Among the most vulnerable are single women, many of whom have exhausted their savings as the Syrian War is set to enter its sixth year – and they are growing increasingly desperate.
These are three of their stories.
‘I still smile for my children’
A long, steep staircase leads up one of Amman’s many hills. To reach Jamila’s shabby apartment, there are another five or six flights to climb.
In just two rooms, Jamila, 19, lives with her baby girl, her four-year-old son, her mother, and her younger sister and brother. The living room is furnished with a couple of worn sofas and an old television. In the bedroom, there is one bed and a shard of mirror on the wall.
Each month, Jamila receives a small sum from the United Nations World Food Programme to buy food - but rent has become a major problem.
“The landlord keeps raising it, and he is constantly threatening us,” she says.
Jamila has big, beautiful eyes and thick, black hair piled under a purple headscarf. She speaks openly about the difficulties of being a Syrian refugee in Jordan.
“I feel very lonely as a single mother,” she says. “The future frightens me. I don’t know how to read or write; how can I provide for my children?”
Jamila once lived in the Syrian city of Idlib. At the age of 14, she married her husband, who worked as a baker. But then the war started.
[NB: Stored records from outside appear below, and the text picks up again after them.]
lemma gap_log_term_le:
  assumes "0 < T" "mu\<^sup>2 \<le> xi_m\<^sup>2" "0 < D"
  shows "gap_log_term xi_m mu T D \<le> xi_m\<^sup>2 / D"
proof -
  define a where "a = sqrt (xi_m\<^sup>2 + D\<^sup>2)"
  define b where "b = sqrt (mu\<^sup>2 + D\<^sup>2)"
  have "D \<le> b" "b \<le> a"
    using assms by (simp_all add: a_def b_def real_le_rsqrt)
  have "xi_m\<^sup>2 + D\<^sup>2 \<le> (D + xi_m\<^sup>2 / D)\<^sup>2"
    using assms by (simp add: power2_sum)
  then have "a \<le> D + xi_m\<^sup>2 / D"
    using assms unfolding a_def by (intro real_le_lsqrt) auto
  have "gap_log_term xi_m mu T D = 2 * T * (ln (cosh (a / (2 * T))) - ln (cosh (b / (2 * T))))"
    by (simp add: gap_log_term_eq_diff a_def b_def)
  also have "\<dots> \<le> 2 * T * (a / (2 * T) - b / (2 * T))"
    using assms \<open>D \<le> b\<close> \<open>b \<le> a\<close>
    by (intro mult_left_mono ln_cosh_diff_le divide_right_mono) auto
  also have "\<dots> = a - b"
    using assms by (simp add: field_simps)
  also have "\<dots> \<le> xi_m\<^sup>2 / D"
    using \<open>a \<le> D + xi_m\<^sup>2 / D\<close> \<open>D \<le> b\<close> by simp
  finally show ?thesis .
qed

definition gap_fun :: "real \<Rightarrow> real \<Rightarrow> real \<Rightarrow> real \<Rightarrow> real" where
  "gap_fun xi_m mu T D = gap_log_term xi_m mu T D + mu * gap_integral mu T D"

lemma gap_rhs_eq_gap_fun:
  assumes "0 < T" "D \<noteq> 0"
  shows "gap_rhs xi_m mu T D = gap_fun xi_m mu T D"
proof -
  have "sqrt (xi\<^sup>2 + D\<^sup>2) \<noteq> 0" for xi
    using assms by (simp add: add_nonneg_pos)
  then show ?thesis
    using assms by (simp add: gap_rhs_def gap_fun_def gap_log_term_def gap_integral_def gap_kernel_eq)
qed

lemma gap_fun_0:
  assumes "0 < T"
  shows "gap_fun xi_m mu T 0 = 2 * T * ln (cosh (xi_m / (2 * T)) / cosh (mu / (2 * T)))
                               + mu * integral {0..mu} (\<lambda>xi. tanh (xi / (2 * T)) / xi)"
proof -
  have "gap_integral mu T 0 = integral {0..mu} (\<lambda>xi. tanh (xi / (2 * T)) / xi)"
    unfolding gap_integral_def
    by (rule integral_spike[of "{0}"]) (use assms in \<open>auto simp: gap_kernel_eq\<close>)
  moreover have cosh_abs: "cosh (\<bar>x\<bar> / (2 * T)) = cosh (x / (2 * T))" for x
    using assms cosh_real_abs[of "x / (2 * T)"] by simp
  ultimately show ?thesis
    by (simp add: gap_fun_def gap_log_term_def cosh_abs)
qed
“Our house burned down. My husband couldn’t work any more; we couldn’t do anything apart from waiting to get killed,” she says. “Many nights, we went to sleep without any food or water, fearing for our lives.’’
As she was travelling on a local bus in Idlib one day, Jamila recalls watching as the bus in front of her exploded. Body parts flew through the air.
“There was blood everywhere, dead bodies on the street - children, old people,” she says. “Then we decided to flee. It was hard to leave my country, but I wanted my son to live.”
The little boy sits quietly next to his mother. The trauma of war has taken its toll on him, she says; when a plane flies overhead, he screams.
After leaving Syria, Jamila and her son settled in the Lebanese town of Arsal, where Jamila’s husband had some contacts. But fighting there forced them to flee again. Jamila and her children went to stay with her mother in Jordan while her husband left for Turkey, hoping to eventually reach Germany.
“He planned to pay a smuggler to take him to Greece in a rubber boat, but I haven’t heard from him ever since. It’s been seven months now, and he never called,” Jamila says. “On the news, I heard about boats sinking. Deep in my heart, I know that he will never come back, that he’s drowned.”
She stares out the window at Amman’s endless hills, dotted with myriad white houses. She is not crying as she contemplates her husband’s fate. He was not a good man, she says. “He beat me and treated me like his servant. I am not sad for him not coming back.”
At that moment, Jamila’s baby begins to cry, and she gently starts nursing her. The little girl was born in Amman.
“She was in such a hurry, I almost gave birth to her on the stairs,” Jamila says, laughing for the first time that day. “I want my girl to go to school. I don’t want her to be like me. I want her to be a strong and educated woman.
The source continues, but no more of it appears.